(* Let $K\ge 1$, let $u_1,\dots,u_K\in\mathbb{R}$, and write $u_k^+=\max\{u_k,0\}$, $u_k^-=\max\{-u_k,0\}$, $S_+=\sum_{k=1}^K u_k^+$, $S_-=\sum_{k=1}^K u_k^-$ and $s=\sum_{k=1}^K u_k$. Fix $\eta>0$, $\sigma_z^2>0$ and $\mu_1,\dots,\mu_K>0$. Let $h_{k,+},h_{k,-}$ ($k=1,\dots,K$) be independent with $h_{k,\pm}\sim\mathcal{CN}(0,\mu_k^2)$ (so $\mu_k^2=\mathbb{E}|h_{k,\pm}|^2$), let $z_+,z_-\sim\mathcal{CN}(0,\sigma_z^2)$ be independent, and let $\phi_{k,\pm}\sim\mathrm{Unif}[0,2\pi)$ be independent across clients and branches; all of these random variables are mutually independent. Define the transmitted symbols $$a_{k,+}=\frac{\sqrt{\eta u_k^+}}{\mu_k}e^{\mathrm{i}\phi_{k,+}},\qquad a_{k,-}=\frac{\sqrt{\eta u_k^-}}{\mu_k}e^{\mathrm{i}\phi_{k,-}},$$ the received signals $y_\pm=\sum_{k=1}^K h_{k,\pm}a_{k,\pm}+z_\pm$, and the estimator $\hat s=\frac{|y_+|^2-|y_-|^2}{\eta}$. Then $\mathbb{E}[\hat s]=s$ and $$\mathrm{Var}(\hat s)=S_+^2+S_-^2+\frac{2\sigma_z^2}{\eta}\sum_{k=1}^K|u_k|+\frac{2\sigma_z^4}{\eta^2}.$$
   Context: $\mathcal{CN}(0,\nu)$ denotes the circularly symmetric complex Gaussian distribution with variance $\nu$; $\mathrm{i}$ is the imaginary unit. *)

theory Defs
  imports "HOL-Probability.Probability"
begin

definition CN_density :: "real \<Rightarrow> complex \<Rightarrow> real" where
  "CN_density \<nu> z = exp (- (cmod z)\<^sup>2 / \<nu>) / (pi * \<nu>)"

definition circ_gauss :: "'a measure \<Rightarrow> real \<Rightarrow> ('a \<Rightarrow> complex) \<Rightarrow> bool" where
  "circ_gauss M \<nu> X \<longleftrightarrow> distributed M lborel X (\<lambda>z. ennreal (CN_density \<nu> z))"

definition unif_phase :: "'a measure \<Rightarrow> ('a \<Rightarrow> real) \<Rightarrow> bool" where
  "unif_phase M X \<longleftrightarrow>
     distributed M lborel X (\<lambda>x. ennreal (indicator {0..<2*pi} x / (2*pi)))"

• [Exercise instructions]
The response has to match the records above word for word.

• [Result for this task]
(* Let $K\ge 1$, let $u_1,\dots,u_K\in\mathbb{R}$, and write $u_k^+=\max\{u_k,0\}$, $u_k^-=\max\{-u_k,0\}$, $S_+=\sum_{k=1}^K u_k^+$, $S_-=\sum_{k=1}^K u_k^-$ and $s=\sum_{k=1}^K u_k$. Fix $\eta>0$, $\sigma_z^2>0$ and $\mu_1,\dots,\mu_K>0$. Let $h_{k,+},h_{k,-}$ ($k=1,\dots,K$) be independent with $h_{k,\pm}\sim\mathcal{CN}(0,\mu_k^2)$ (so $\mu_k^2=\mathbb{E}|h_{k,\pm}|^2$), let $z_+,z_-\sim\mathcal{CN}(0,\sigma_z^2)$ be independent, and let $\phi_{k,\pm}\sim\mathrm{Unif}[0,2\pi)$ be independent across clients and branches; all of these random variables are mutually independent. Define the transmitted symbols $$a_{k,+}=\frac{\sqrt{\eta u_k^+}}{\mu_k}e^{\mathrm{i}\phi_{k,+}},\qquad a_{k,-}=\frac{\sqrt{\eta u_k^-}}{\mu_k}e^{\mathrm{i}\phi_{k,-}},$$ the received signals $y_\pm=\sum_{k=1}^K h_{k,\pm}a_{k,\pm}+z_\pm$, and the estimator $\hat s=\frac{|y_+|^2-|y_-|^2}{\eta}$. Then $\mathbb{E}[\hat s]=s$ and $$\mathrm{Var}(\hat s)=S_+^2+S_-^2+\frac{2\sigma_z^2}{\eta}\sum_{k=1}^K|u_k|+\frac{2\sigma_z^4}{\eta^2}.$$
   Context: $\mathcal{CN}(0,\nu)$ denotes the circularly symmetric complex Gaussian distribution with variance $\nu$; $\mathrm{i}$ is the imaginary unit. *)

theory Defs
  imports "HOL-Probability.Probability"
begin

definition CN_density :: "real \<Rightarrow> complex \<Rightarrow> real" where
  "CN_density \<nu> z = exp (- (cmod z)\<^sup>2 / \<nu>) / (pi * \<nu>)"

definition circ_gauss :: "'a measure \<Rightarrow> real \<Rightarrow> ('a \<Rightarrow> complex) \<Rightarrow> bool" where
  "circ_gauss M \<nu> X \<longleftrightarrow> distributed M lborel X (\<lambda>z. ennreal (CN_density \<nu> z))"

definition unif_phase :: "'a measure \<Rightarrow> ('a \<Rightarrow> real) \<Rightarrow> bool" where
  "unif_phase M X \<longleftrightarrow>
     distributed M lborel X (\<lambda>x. ennreal (indicator {0..<2*pi} x / (2*pi)))"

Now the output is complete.